lemma ihull_subset_cthickening:
  fixes S S0 :: "'a::euclidean_space set"
  assumes "S \<noteq> {}" "bounded S0" "S \<subseteq> cthickening d S0"
  shows "ihull S \<subseteq> cthickening (real DIM('a) * d) (ihull S0)"
proof
  fix z assume z: "z \<in> ihull S"
  define lo where "lo = (\<Sum>i\<in>Basis. (INF x\<in>S0. x \<bullet> i) *\<^sub>R i)"
  define hi where "hi = (\<Sum>i\<in>Basis. (SUP x\<in>S0. x \<bullet> i) *\<^sub>R i)"
  obtain x y where "x \<in> S" "y \<in> S0" "dist y x \<le> d"
    using assms(1,3) by (meson ex_in_conv mem_cthickening_iff subsetD)
  then have "S0 \<noteq> {}" "0 \<le> d"
    by (auto intro: order_trans[OF zero_le_dist])
  have lo_hi: "\<forall>i\<in>Basis. lo \<bullet> i \<le> hi \<bullet> i"
    using ihull_nonempty[OF assms(2) \<open>S0 \<noteq> {}\<close>] by (simp add: ihull_def lo_def hi_def box_ne_empty)
  have "lo \<bullet> i - d \<le> z \<bullet> i \<and> z \<bullet> i \<le> hi \<bullet> i + d" if "i \<in> Basis" for i
    using z that cthickening_inner_bounds[OF assms that] by (auto simp: lo_def hi_def ihull_def mem_box)
  then have "dist (clamp lo hi z) z \<le> (\<Sum>i\<in>(Basis::'a set). d)"
    using lo_hi \<open>0 \<le> d\<close> norm_le_l1[of "clamp lo hi z - z"] sum_mono[of Basis "\<lambda>i. \<bar>(clamp lo hi z - z) \<bullet> i\<bar>" "\<lambda>i. d"]
    by (simp add: dist_norm inner_diff_left clamp_component_dist_le)
  moreover have "clamp lo hi z \<in> ihull S0"
    using lo_hi by (simp add: ihull_def lo_def hi_def)
  ultimately show "z \<in> cthickening (real DIM('a) * d) (ihull S0)"
    unfolding mem_cthickening_iff by auto
qed
(* Let $G$ be a finite simple graph, let $I$ be a maximum critical independent set in $G$, and let $X=I\cup N(I)$. Then $$|\operatorname{nucleus}(G)|+|\operatorname{diadem}(G)|\le |\operatorname{nucleus}(G[X])|+|\operatorname{diadem}(G[X])|.$$
   Context: For a graph $H$ and $Y\subseteq V(H)$, $N_H(Y)$ is the set of vertices of $H$ adjacent to some vertex of $Y$, and $d_H(Y)=|Y|-|N_H(Y)|$. An independent set $S$ of $H$ is critical in $H$ if $d_H(S)=\max\{d_H(Y):Y\subseteq V(H)\}$; the empty set may be critical. A maximum critical independent set is a critical independent set of maximum cardinality. $\operatorname{nucleus}(H)$ and $\operatorname{diadem}(H)$ are, respectively, the intersection and the union of all maximum critical independent sets of $H$; both are empty if the only critical independent set is $\emptyset$. $N(I)=N_G(I)$, and $G[X]$ is the subgraph of $G$ induced by $X$. *)

theory Defs
  imports Main
begin

text \<open>The induced subgraph G[X] (X a subset of V) is represented by the vertex set X
with the same adjacency relation; all notions below only look at edges
between vertices of the given vertex set.\<close>

definition simple_graph :: "'a set \<Rightarrow> ('a \<Rightarrow> 'a \<Rightarrow> bool) \<Rightarrow> bool" where
  "simple_graph V E \<longleftrightarrow> finite V \<and> (\<forall>x y. E x y \<longrightarrow> E y x)
     \<and> (\<forall>x. \<not> E x x) \<and> (\<forall>x y. E x y \<longrightarrow> x \<in> V \<and> y \<in> V)"

definition nbhd :: "'a set \<Rightarrow> ('a \<Rightarrow> 'a \<Rightarrow> bool) \<Rightarrow> 'a set \<Rightarrow> 'a set" where
  "nbhd V E Y = {v \<in> V. \<exists>y\<in>Y. E v y}"

definition dfc :: "'a set \<Rightarrow> ('a \<Rightarrow> 'a \<Rightarrow> bool) \<Rightarrow> 'a set \<Rightarrow> int" where
  "dfc V E Y = int (card Y) - int (card (nbhd V E Y))"

definition indep :: "'a set \<Rightarrow> ('a \<Rightarrow> 'a \<Rightarrow> bool) \<Rightarrow> 'a set \<Rightarrow> bool" where
  "indep V E S \<longleftrightarrow> S \<subseteq> V \<and> (\<forall>x\<in>S. \<forall>y\<in>S. \<not> E x y)"

definition critical_indep :: "'a set \<Rightarrow> ('a \<Rightarrow> 'a \<Rightarrow> bool) \<Rightarrow> 'a set \<Rightarrow> bool" where
  "critical_indep V E S \<longleftrightarrow> indep V E S \<and>
     dfc V E S = Max {dfc V E Y | Y. Y \<subseteq> V}"

definition max_critical_indep :: "'a set \<Rightarrow> ('a \<Rightarrow> 'a \<Rightarrow> bool) \<Rightarrow> 'a set \<Rightarrow> bool" where
  "max_critical_indep V E S \<longleftrightarrow> critical_indep V E S \<and>
     (\<forall>T. critical_indep V E T \<longrightarrow> card T \<le> card S)"

definition nucleus :: "'a set \<Rightarrow> ('a \<Rightarrow> 'a \<Rightarrow> bool) \<Rightarrow> 'a set" where
  "nucleus V E = (if {S. max_critical_indep V E S} = {} then {}
                  else \<Inter> {S. max_critical_indep V E S})"

definition diadem :: "'a set \<Rightarrow> ('a \<Rightarrow> 'a \<Rightarrow> bool) \<Rightarrow> 'a set" where
  "diadem V E = \<Union> {S. max_critical_indep V E S}"

end

theory Submission
  imports Defs
begin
□ □ □ □ □ □ □
▶ **EXERCISE INSTRUCTIONS**
In full and without alteration, transcribe the listing above.

▶ **TASK ANSWER**
lemma ihull_subset_cthickening:
  fixes S S0 :: "'a::euclidean_space set"
  assumes "S \<noteq> {}" "bounded S0" "S \<subseteq> cthickening d S0"
  shows "ihull S \<subseteq> cthickening (real DIM('a) * d) (ihull S0)"
proof
  fix z assume z: "z \<in> ihull S"
  define lo where "lo = (\<Sum>i\<in>Basis. (INF x\<in>S0. x \<bullet> i) *\<^sub>R i)"
  define hi where "hi = (\<Sum>i\<in>Basis. (SUP x\<in>S0. x \<bullet> i) *\<^sub>R i)"
  obtain x y where "x \<in> S" "y \<in> S0" "dist y x \<le> d"
    using assms(1,3) by (meson ex_in_conv mem_cthickening_iff subsetD)
  then have "S0 \<noteq> {}" "0 \<le> d"
    by (auto intro: order_trans[OF zero_le_dist])
  have lo_hi: "\<forall>i\<in>Basis. lo \<bullet> i \<le> hi \<bullet> i"
    using ihull_nonempty[OF assms(2) \<open>S0 \<noteq> {}\<close>] by (simp add: ihull_def lo_def hi_def box_ne_empty)
  have "lo \<bullet> i - d \<le> z \<bullet> i \<and> z \<bullet> i \<le> hi \<bullet> i + d" if "i \<in> Basis" for i
    using z that cthickening_inner_bounds[OF assms that] by (auto simp: lo_def hi_def ihull_def mem_box)
  then have "dist (clamp lo hi z) z \<le> (\<Sum>i\<in>(Basis::'a set). d)"
    using lo_hi \<open>0 \<le> d\<close> norm_le_l1[of "clamp lo hi z - z"] sum_mono[of Basis "\<lambda>i. \<bar>(clamp lo hi z - z) \<bullet> i\<bar>" "\<lambda>i. d"]
    by (simp add: dist_norm inner_diff_left clamp_component_dist_le)
  moreover have "clamp lo hi z \<in> ihull S0"
    using lo_hi by (simp add: ihull_def lo_def hi_def)
  ultimately show "z \<in> cthickening (real DIM('a) * d) (ihull S0)"
    unfolding mem_cthickening_iff by auto
qed
(* Let $G$ be a finite simple graph, let $I$ be a maximum critical independent set in $G$, and let $X=I\cup N(I)$. Then $$|\operatorname{nucleus}(G)|+|\operatorname{diadem}(G)|\le |\operatorname{nucleus}(G[X])|+|\operatorname{diadem}(G[X])|.$$
   Context: For a graph $H$ and $Y\subseteq V(H)$, $N_H(Y)$ is the set of vertices of $H$ adjacent to some vertex of $Y$, and $d_H(Y)=|Y|-|N_H(Y)|$. An independent set $S$ of $H$ is critical in $H$ if $d_H(S)=\max\{d_H(Y):Y\subseteq V(H)\}$; the empty set may be critical. A maximum critical independent set is a critical independent set of maximum cardinality. $\operatorname{nucleus}(H)$ and $\operatorname{diadem}(H)$ are, respectively, the intersection and the union of all maximum critical independent sets of $H$; both are empty if the only critical independent set is $\emptyset$. $N(I)=N_G(I)$, and $G[X]$ is the subgraph of $G$ induced by $X$. *)

theory Defs
  imports Main
begin

text \<open>The induced subgraph G[X] (X a subset of V) is represented by the vertex set X
with the same adjacency relation; all notions below only look at edges
between vertices of the given vertex set.\<close>

definition simple_graph :: "'a set \<Rightarrow> ('a \<Rightarrow> 'a \<Rightarrow> bool) \<Rightarrow> bool" where
  "simple_graph V E \<longleftrightarrow> finite V \<and> (\<forall>x y. E x y \<longrightarrow> E y x)
     \<and> (\<forall>x. \<not> E x x) \<and> (\<forall>x y. E x y \<longrightarrow> x \<in> V \<and> y \<in> V)"

definition nbhd :: "'a set \<Rightarrow> ('a \<Rightarrow> 'a \<Rightarrow> bool) \<Rightarrow> 'a set \<Rightarrow> 'a set" where
  "nbhd V E Y = {v \<in> V. \<exists>y\<in>Y. E v y}"

definition dfc :: "'a set \<Rightarrow> ('a \<Rightarrow> 'a \<Rightarrow> bool) \<Rightarrow> 'a set \<Rightarrow> int" where
  "dfc V E Y = int (card Y) - int (card (nbhd V E Y))"

definition indep :: "'a set \<Rightarrow> ('a \<Rightarrow> 'a \<Rightarrow> bool) \<Rightarrow> 'a set \<Rightarrow> bool" where
  "indep V E S \<longleftrightarrow> S \<subseteq> V \<and> (\<forall>x\<in>S. \<forall>y\<in>S. \<not> E x y)"

definition critical_indep :: "'a set \<Rightarrow> ('a \<Rightarrow> 'a \<Rightarrow> bool) \<Rightarrow> 'a set \<Rightarrow> bool" where
  "critical_indep V E S \<longleftrightarrow> indep V E S \<and>
     dfc V E S = Max {dfc V E Y | Y. Y \<subseteq> V}"

definition max_critical_indep :: "'a set \<Rightarrow> ('a \<Rightarrow> 'a \<Rightarrow> bool) \<Rightarrow> 'a set \<Rightarrow> bool" where
  "max_critical_indep V E S \<longleftrightarrow> critical_indep V E S \<and>
     (\<forall>T. critical_indep V E T \<longrightarrow> card T \<le> card S)"

definition nucleus :: "'a set \<Rightarrow> ('a \<Rightarrow> 'a \<Rightarrow> bool) \<Rightarrow> 'a set" where
  "nucleus V E = (if {S. max_critical_indep V E S} = {} then {}
                  else \<Inter> {S. max_critical_indep V E S})"

definition diadem :: "'a set \<Rightarrow> ('a \<Rightarrow> 'a \<Rightarrow> bool) \<Rightarrow> 'a set" where
  "diadem V E = \<Union> {S. max_critical_indep V E S}"

end

theory Submission
  imports Defs
begin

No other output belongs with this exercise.